*DIRECTIONS*:
Whichever lines of the material contain "norm", copy each of them.

_ _ _ _ _ _ _

theorem theoremE1:
  fixes M :: "'a measure"
    and f :: "real^'d \<Rightarrow> real" and df :: "real^'d \<Rightarrow> real^'d"
    and L f_inf f_sup beta1 beta2 eps a1 a2 G :: real
    and alpha :: "nat \<Rightarrow> real" and theta0 :: "real^'d"
    and g :: "nat \<Rightarrow> 'a \<Rightarrow> real^'d"
  assumes grad: "\<And>x. GDERIV f x :> df x"
    and L_pos: "L > 0"
    and smooth: "\<And>x y. norm (df x - df y) \<le> L * norm (x - y)"
    and bounded: "\<And>x. f_inf \<le> f x \<and> f x \<le> f_sup"
    and beta1: "0 \<le> beta1" "beta1 < 1"
    and beta2: "0 \<le> beta2" "beta2 < 1"
    and eps: "eps > 0"
    and a: "0 < a1" "a1 \<le> a2"
    and lr: "\<And>t. t \<ge> 1 \<Longrightarrow> a1 / sqrt (real t) \<le> alpha t \<and> alpha t \<le> a2 / sqrt (real t)"
    and P: "prob_space M"
    and G: "G > 0"
    and g_meas: "\<And>t. g t \<in> borel_measurable M"
    and g_moment: "\<And>t. (\<integral>\<^sup>+ x. ennreal ((norm (g t x))\<^sup>2) \<partial>M) \<le> ennreal (G\<^sup>2)"
    and g_unbiased: "\<And>t i. t \<ge> 1 \<Longrightarrow>
        AE x in M. real_cond_exp M (gen_filtration M g t) (\<lambda>y. g t y $ i) x
          = df (adopt_theta beta1 beta2 eps alpha theta0 (\<lambda>s. g s x) (t - 1)) $ i"
  shows "\<exists>K. \<forall>T::nat. T \<ge> 1 \<longrightarrow>
     Min ((\<lambda>t. (\<integral>x. (norm (df (adopt_theta beta1 beta2 eps alpha theta0 (\<lambda>s. g s x) (t - 1))))
                       powr (4/3) \<partial>M) powr (3/2)) ` {1..T})
     \<le> K / sqrt (real T)"
proof -
  interpret adopt_setting M f df L f_inf f_sup beta1 beta2 eps a1 a2 G alpha theta0 g
    by (intro adopt_setting.intro adopt_setting_axioms.intro P grad L_pos smooth bounded beta1 beta2 eps a(1) lr
        g_meas g_moment g_unbiased)
  obtain K where "\<And>T. 1 \<le> T \<Longrightarrow> \<exists>t\<in>{1..T}.
      (\<integral>x. norm (df (theta (t - 1) x)) powr (4/3) \<partial>M) powr (3/2) \<le> K / sqrt (real T)"
    using grad_moment_rate by blast
  then show ?thesis
    by (meson Min_le atLeastAtMost_iff finite_atLeastAtMost finite_imageI image_eqI order_trans)
qed

end
lemma rel_homotopic_trans [trans]:
  "rel_homotopic n x0 p q \<Longrightarrow> rel_homotopic n x0 q r \<Longrightarrow> rel_homotopic n x0 p r"
  unfolding rel_homotopic_def by (rule homotopic_with_trans)

lemma rel_homotopic_imp_Omega:
  assumes "rel_homotopic n x0 p q"
  shows "p \<in> Omega n x0" "q \<in> Omega n x0"
  using homotopic_with_imp_continuous[OF assms[unfolded rel_homotopic_def]]
    homotopic_with_imp_property[OF assms[unfolded rel_homotopic_def]]
  unfolding Omega_def by auto

lemma rel_homotopic_eq_on_cube:
  assumes "rel_homotopic n x0 p q" "\<forall>t\<in>cube n. p' t = p t" "\<forall>t\<in>cube n. q' t = q t"
  shows "rel_homotopic n x0 p' q'"
  using assms(1) unfolding rel_homotopic_def
  by (rule homotopic_with_eq)
    (use assms cube_boundary_subset[of n] in \<open>auto simp: image_subset_iff subset_iff\<close>)

lemma rel_homotopic_cube_concat:
  assumes n: "0 < n" and "rel_homotopic n x0 \<alpha> \<alpha>'" "rel_homotopic n x0 \<gamma> \<gamma>'"
  shows "rel_homotopic n x0 (cube_concat \<alpha> \<gamma>) (cube_concat \<alpha>' \<gamma>')"
proof -
  obtain F where F: "continuous_on ({0..1::real} \<times> cube n) F"
    "\<forall>t\<in>cube n. F (0, t) = \<alpha> t" "\<forall>t\<in>cube n. F (1, t) = \<alpha>' t"
    "\<forall>s\<in>{0..1}. \<forall>t\<in>cube_boundary n. F (s, t) = x0"
    using assms(2) unfolding rel_homotopic_iff by blast
  obtain G where G: "continuous_on ({0..1::real} \<times> cube n) G"
    "\<forall>t\<in>cube n. G (0, t) = \<gamma> t" "\<forall>t\<in>cube n. G (1, t) = \<gamma>' t"
    "\<forall>s\<in>{0..1}. \<forall>t\<in>cube_boundary n. G (s, t) = x0"
    using assms(3) unfolding rel_homotopic_iff by blast
  define H where "H z = cube_concat (\<lambda>t. F (fst z, t)) (\<lambda>t. G (fst z, t)) (snd z)" for z
  note fst_cont = continuous_on_fst[OF continuous_on_id]
    and snd_cont = continuous_on_snd[OF continuous_on_id]
  have "continuous_on ({0..1} \<times> cube n) H"
    unfolding H_def cube_concat_def
  proof (rule continuous_on_cases_le)
    show "continuous_on {z \<in> {0..1} \<times> cube n. snd z 0 \<le> 1/2}
        (\<lambda>z. F (fst z, (snd z)(0 := 2 * snd z 0)))"
      by (rule continuous_on_compose_param_upd0[OF F(1) fst_cont snd_cont])
        (intro continuous_intros, auto dest: cube_coord0[OF n] simp: n)
    show "continuous_on {z \<in> {0..1} \<times> cube n. 1/2 \<le> snd z 0}
        (\<lambda>z. G (fst z, (snd z)(0 := 2 * snd z 0 - 1)))"
      by (rule continuous_on_compose_param_upd0[OF G(1) fst_cont snd_cont])
        (intro continuous_intros, auto dest: cube_coord0[OF n] simp: n)
    show "F (fst z, (snd z)(0 := 2 * snd z 0)) = G (fst z, (snd z)(0 := 2 * snd z 0 - 1))"
      if "z \<in> {0..1} \<times> cube n" "snd z 0 = 1/2" for z
      using that F(4) G(4) cube_face_upd0[OF n, of "snd z"] by (cases z) auto
  qed (rule continuous_on_snd_coordinate)
  moreover have "H (s, t) = x0" if "s \<in> {0..1}" "t \<in> cube_boundary n" for s t
    using that F(4) G(4) cube_boundary_upd0[OF n that(2)]
      cube_coord0[OF n cube_boundary_subset[THEN subsetD, OF that(2)]]
    unfolding H_def cube_concat_def by auto
  moreover have "H (0, t) = cube_concat \<alpha> \<gamma> t" "H (1, t) = cube_concat \<alpha>' \<gamma>' t"
    if "t \<in> cube n" for t
    using that F(2,3) G(2,3) cube_upd0[OF n] cube_coord0[OF n] by (auto simp: H_def cube_concat_def)
  ultimately show ?thesis
    by (intro rel_homotopicI) auto
qed

lemma Omega_cube_concat:
  "0 < n \<Longrightarrow> \<alpha> \<in> Omega n x0 \<Longrightarrow> \<gamma> \<in> Omega n x0 \<Longrightarrow> cube_concat \<alpha> \<gamma> \<in> Omega n x0"
  by (metis rel_homotopic_cube_concat rel_homotopic_imp_Omega(1) rel_homotopic_refl)

definition cube_rev :: "((nat \<Rightarrow> real) \<Rightarrow> 'a) \<Rightarrow> (nat \<Rightarrow> real) \<Rightarrow> 'a" where
  "cube_rev \<gamma> = (\<lambda>t. \<gamma> (t(0 := 1 - t 0)))"

lemma Omega_cube_rev:
  assumes n: "0 < n" and \<gamma>: "\<gamma> \<in> Omega n x0"
  shows "cube_rev \<gamma> \<in> Omega n x0"
proof -
  have "continuous_on (cube n) (cube_rev \<gamma>)"
    unfolding cube_rev_def
    by (rule continuous_on_compose_upd0[OF Omega_continuous_on[OF \<gamma>] continuous_on_id])
      (intro continuous_intros, auto dest: cube_coord0[OF n] simp: n)
  moreover have "cube_rev \<gamma> t = x0" if "t \<in> cube_boundary n" for t
    using Omega_boundary_upd0[OF \<gamma> n that, of "1 - t 0"]
      cube_coord0[OF n cube_boundary_subset[THEN subsetD, OF that]]
    unfolding cube_rev_def by auto
  ultimately show ?thesis
    unfolding Omega_def by auto
qed

lemma rel_homotopic_piecewise:
  fixes \<phi> \<psi> :: "real \<times> real \<Rightarrow> real"
  assumes n: "0 < n" and \<alpha>: "\<alpha> \<in> Omega n x0" and \<gamma>: "\<gamma> \<in> Omega n x0" and c: "0 \<le> c" "c \<le> 1"
    and \<phi>: "continuous_on ({0..1} \<times> {0..c}) \<phi>" "\<phi> ` ({0..1} \<times> {0..c}) \<subseteq> {0..1}"
    and \<psi>: "continuous_on ({0..1} \<times> {c..1}) \<psi>" "\<psi> ` ({0..1} \<times> {c..1}) \<subseteq> {0..1}"
    and faces: "\<forall>s\<in>{0..1}. \<phi> (s, 0) \<in> {0, 1} \<and> \<phi> (s, c) \<in> {0, 1} \<and>
      \<psi> (s, c) \<in> {0, 1} \<and> \<psi> (s, 1) \<in> {0, 1}"
  shows "rel_homotopic n x0
    (\<lambda>t. if t 0 \<le> c then \<alpha> (t(0 := \<phi> (0, t 0))) else \<gamma> (t(0 := \<psi> (0, t 0))))
    (\<lambda>t. if t 0 \<le> c then \<alpha> (t(0 := \<phi> (1, t 0))) else \<gamma> (t(0 := \<psi> (1, t 0))))"
proof -
  define H where "H z = (if snd z 0 \<le> c then \<alpha> ((snd z)(0 := \<phi> (fst z, snd z 0)))
    else \<gamma> ((snd z)(0 := \<psi> (fst z, snd z 0))))" for z :: "real \<times> (nat \<Rightarrow> real)"
  have coord: "0 \<le> t 0 \<and> t 0 \<le> 1" if "t \<in> cube n" for t
    using cube_coord0[OF n that] .
  note snd_cont = continuous_on_snd[OF continuous_on_id]
  have pair_cont: "continuous_on S (\<lambda>z. (fst z, snd z 0))" for S :: "(real \<times> (nat \<Rightarrow> real)) set"
    by (intro continuous_on_Pair continuous_on_fst continuous_on_id continuous_on_snd_coordinate)
  have cont: "continuous_on ({0..1} \<times> cube n) H"
    unfolding H_def
  proof (rule continuous_on_cases_le)
    show "continuous_on {z \<in> {0..1} \<times> cube n. snd z 0 \<le> c}
        (\<lambda>z. \<alpha> ((snd z)(0 := \<phi> (fst z, snd z 0))))"
    proof (rule continuous_on_compose_upd0[OF Omega_continuous_on[OF \<alpha>] snd_cont _ n])
      show "continuous_on {z \<in> {0..1} \<times> cube n. snd z 0 \<le> c} (\<lambda>z. \<phi> (fst z, snd z 0))"
        by (rule continuous_on_compose2[OF \<phi>(1) pair_cont]) (auto dest: coord)
    qed (use \<phi>(2) coord in force)
    show "continuous_on {z \<in> {0..1} \<times> cube n. c \<le> snd z 0}
        (\<lambda>z. \<gamma> ((snd z)(0 := \<psi> (fst z, snd z 0))))"
    proof (rule continuous_on_compose_upd0[OF Omega_continuous_on[OF \<gamma>] snd_cont _ n])
      show "continuous_on {z \<in> {0..1} \<times> cube n. c \<le> snd z 0} (\<lambda>z. \<psi> (fst z, snd z 0))"
        by (rule continuous_on_compose2[OF \<psi>(1) pair_cont]) (auto dest: coord)
    qed (use \<psi>(2) coord in force)
    show "\<alpha> ((snd z)(0 := \<phi> (fst z, snd z 0))) = \<gamma> ((snd z)(0 := \<psi> (fst z, snd z 0)))"
      if "z \<in> {0..1} \<times> cube n" "snd z 0 = c" for z
      using that faces Omega_face[OF \<alpha> n] Omega_face[OF \<gamma> n] by auto
  qed (rule continuous_on_snd_coordinate)
  have boundary: "\<forall>s\<in>{0..1::real}. \<forall>t\<in>cube_boundary n. H (s, t) = x0"
  proof (intro ballI)
    fix s :: real and t
    assume s: "s \<in> {0..1}" and t: "t \<in> cube_boundary n"
    have t0: "0 \<le> t 0" "t 0 \<le> 1"
      using coord cube_boundary_subset t by auto
    show "H (s, t) = x0"
    proof (cases "t 0 \<le> c")
      case True
      then show ?thesis
        using s t0 c faces \<phi>(2) unfolding H_def
        by (auto intro!: Omega_boundary_upd0[OF \<alpha> n t])
    next
      case False
      then show ?thesis
        using s t0 c faces \<psi>(2) unfolding H_def
        by (auto intro!: Omega_boundary_upd0[OF \<gamma> n t])
    qed
  qed
  show ?thesis
    by (rule rel_homotopicI[OF cont _ _ boundary]) (simp_all add: H_def)
qed

lemma rel_homotopic_reparam:
  assumes n: "0 < n" and \<alpha>: "\<alpha> \<in> Omega n x0"
    and f: "continuous_on {0..1} f" "f ` {0..1} \<subseteq> {0..1}" "f 0 = 0" "f 1 = 1"
  shows "rel_homotopic n x0 (\<lambda>t. \<alpha> (t(0 := f (t 0)))) \<alpha>"
proof -
  define \<phi> where "\<phi> z = (1 - fst z) * f (snd z) + fst z * snd z" for z :: "real \<times> real"
  have range: "\<phi> ` ({0..1} \<times> {0..1}) \<subseteq> {0..1}"
    unfolding \<phi>_def using f(2) by (auto intro!: convex_bound_le simp: image_subset_iff)
  have cont: "continuous_on ({0..1} \<times> {0..1}) \<phi>"
    unfolding \<phi>_def by (intro continuous_intros continuous_on_compose2[OF f(1)]) auto
  have "rel_homotopic n x0
      (\<lambda>t. if t 0 \<le> 1 then \<alpha> (t(0 := \<phi> (0, t 0))) else \<alpha> (t(0 := \<phi> (0, t 0))))
      (\<lambda>t. if t 0 \<le> 1 then \<alpha> (t(0 := \<phi> (1, t 0))) else \<alpha> (t(0 := \<phi> (1, t 0))))"
    using cont range
    by (intro rel_homotopic_piecewise[OF n \<alpha> \<alpha>] continuous_on_subset[OF cont]
        order_trans[OF image_mono range]) (auto simp: \<phi>_def f)
  then show ?thesis
    by (rule rel_homotopic_eq_on_cube) (simp_all add: \<phi>_def)
qed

_ _ _ _ _ _ _

*EXERCISE RESPONSE*:
    and smooth: "\<And>x y. norm (df x - df y) \<le> L * norm (x - y)"
    and g_moment: "\<And>t. (\<integral>\<^sup>+ x. ennreal ((norm (g t x))\<^sup>2) \<partial>M) \<le> ennreal (G\<^sup>2)"
     Min ((\<lambda>t. (\<integral>x. (norm (df (adopt_theta beta1 beta2 eps alpha theta0 (\<lambda>s. g s x) (t - 1))))
      (\<integral>x. norm (df (theta (t - 1) x)) powr (4/3) \<partial>M) powr (3/2) \<le> K / sqrt (real T)"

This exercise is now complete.